Task to complete: Of the entries below, return exactly those lines that fall between the one containing "proof (intro conjI allI impI)" and the one containing "i \<Gamma> \<Delta>", the two end lines included.

Supplied records:
lemma factor_decompI:
  assumes x: "0 < length x" and xs: "length x \<le> length s"
    and nth: "\<forall>k<length s. s ! k = x ! (k mod length x)"
  shows "factor_decomp x s"
proof -
  define i where "i = length s div length x"
  define y where "y = take (length s mod length x) x"
  have lc: "length (concat (replicate i x)) = i * length x"
    by (simp add: length_concat sum_list_replicate)
  have "s = concat (replicate i x) @ y"
  proof (rule nth_equalityI)
    show "length s = length (concat (replicate i x) @ y)"
      using x by (simp add: lc y_def, simp add: i_def)
    fix k assume k: "k < length s"
    have "(concat (replicate i x) @ y) ! k = x ! (k mod length x)"
    proof (cases "k < i * length x")
      case True
      then show ?thesis by (simp add: nth_append lc nth_concat_replicate)
    next
      case False
      have "i \<le> k div length x" using False x by (simp add: less_eq_div_iff_mult_less_eq)
      moreover have "k div length x \<le> i" unfolding i_def using k by (simp add: div_le_mono)
      ultimately have "k - i * length x = k mod length x"
        using minus_div_mult_eq_mod[of k "length x"] by simp
      moreover have "length s - i * length x = length s mod length x"
        unfolding i_def by (rule minus_div_mult_eq_mod)
      ultimately have "k mod length x < length s mod length x" using k False by linarith
      then show ?thesis
        using False \<open>k - i * length x = k mod length x\<close> by (simp add: nth_append lc y_def)
    qed
    moreover have "s ! k = x ! (k mod length x)" using nth k by blast
    ultimately show "s ! k = (concat (replicate i x) @ y) ! k" by (simp only:)
  qed
  moreover have "1 \<le> i" using x xs by (simp add: i_def less_eq_div_iff_mult_less_eq)
  ultimately show "factor_decomp x s"
    unfolding factor_decomp_def y_def by (blast intro: take_is_prefix)
qed

lemma factor_decomp_factor: "factor_decomp (factor s) s"
  and period_le_length: "factor_decomp x s \<Longrightarrow> period s \<le> length x"
proof -
  have "factor_decomp s s"
    unfolding factor_decomp_def by (rule exI[of _ 1]) simp
  then show "factor_decomp (factor s) s" "factor_decomp x s \<Longrightarrow> period s \<le> length x"
    unfolding period_def factor_def by (auto dest: arg_min_nat_lemma)
qed
lemma canon_R_trans:
  assumes R: "(\<Gamma>, \<Delta>) \<in> canon_R (cl \<phi>) i" and R': "(\<Delta>, \<Sigma>) \<in> canon_R (cl \<phi>) i"
  shows "(\<Gamma>, \<Sigma>) \<in> canon_R (cl \<phi>) i"
proof -
  have "\<psi> \<in> \<Sigma>" if "Inf i \<psi> \<in> \<Gamma>" for \<psi>
  proof -
    have "Inf i \<psi> \<in> cl \<phi>" using that mcs_in_subset[OF canon_R_D(1)[OF R]] by blast
    then have "Inf i \<psi> \<in> \<Delta>" using canon_R_Inf_iff[OF R] that by blast
    then show ?thesis using canon_R_D(3)[OF R'] by blast
  qed
  with R R' show ?thesis by (auto simp: canon_R_def)
qed

lemma equiv_canon_R: "equiv (canon_W (cl \<phi>)) (canon_R (cl \<phi>) i)"
proof (rule equivI)
  show "canon_R (cl \<phi>) i \<subseteq> canon_W (cl \<phi>) \<times> canon_W (cl \<phi>)"
    by (auto simp: canon_R_def)
  show "refl_on (canon_W (cl \<phi>)) (canon_R (cl \<phi>) i)"
    by (rule refl_onI) (rule canon_R_refl)
  show "sym (canon_R (cl \<phi>) i)" by (rule symI) (rule canon_R_sym)
  show "trans (canon_R (cl \<phi>) i)" by (rule transI) (rule canon_R_trans)
qed

lemma canon_A_canon_R_subset:
  assumes R: "(\<Gamma>, \<Delta>) \<in> canon_R (cl \<phi>) i"
  shows "canon_A (cl \<phi>) i \<Gamma> \<subseteq> canon_A (cl \<phi>) i \<Delta>"
proof
  fix p assume "p \<in> canon_A (cl \<phi>) i \<Gamma>"
  then have aware: "Aw i (Atom p) \<in> \<Gamma>" by (simp add: canon_A_def)
  then have "Aw i (Atom p) \<in> cl \<phi>" using mcs_in_subset[OF canon_R_D(1)[OF R]] by blast
  then have "Inf i (Aw i (Atom p)) \<in> \<Gamma>"
    by (rule mcs_in_AIL_mp[OF canon_R_D(1)[OF R] AIL.A_intro aware cl.A_IA])
  then show "p \<in> canon_A (cl \<phi>) i \<Delta>" using canon_R_D(3)[OF R] by (simp add: canon_A_def)
qed

theorem lemma7:
  fixes \<phi> :: "('a::countable, 'g::finite) fm"
  shows "epistemic_model (canon_W (cl \<phi>)) (canon_R (cl \<phi>)) (canon_A (cl \<phi>)) (canon_V (cl \<phi>))"
  unfolding epistemic_model_def
proof (intro conjI allI impI)
  show "canon_W (cl \<phi>) \<noteq> {}"
    using mcs_in_exists[of "cl \<phi>"] by (auto simp: canon_W_def)
  show "equiv (canon_W (cl \<phi>)) (canon_R (cl \<phi>) i)" for i
    by (rule equiv_canon_R)
  show "canon_A (cl \<phi>) i \<Gamma> = canon_A (cl \<phi>) i \<Delta>"
    if "(\<Gamma>, \<Delta>) \<in> canon_R (cl \<phi>) i" for i \<Gamma> \<Delta>
    using canon_A_canon_R_subset[OF that] canon_A_canon_R_subset[OF canon_R_sym[OF that]]
    by (rule subset_antisym)
  show "canon_V (cl \<phi>) p \<subseteq> canon_W (cl \<phi>)" for p
    by (auto simp: canon_V_def)
qed

end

Result of this task:
proof (intro conjI allI impI)
  show "canon_W (cl \<phi>) \<noteq> {}"
    using mcs_in_exists[of "cl \<phi>"] by (auto simp: canon_W_def)
  show "equiv (canon_W (cl \<phi>)) (canon_R (cl \<phi>) i)" for i
    by (rule equiv_canon_R)
  show "canon_A (cl \<phi>) i \<Gamma> = canon_A (cl \<phi>) i \<Delta>"
    if "(\<Gamma>, \<Delta>) \<in> canon_R (cl \<phi>) i" for i \<Gamma> \<Delta>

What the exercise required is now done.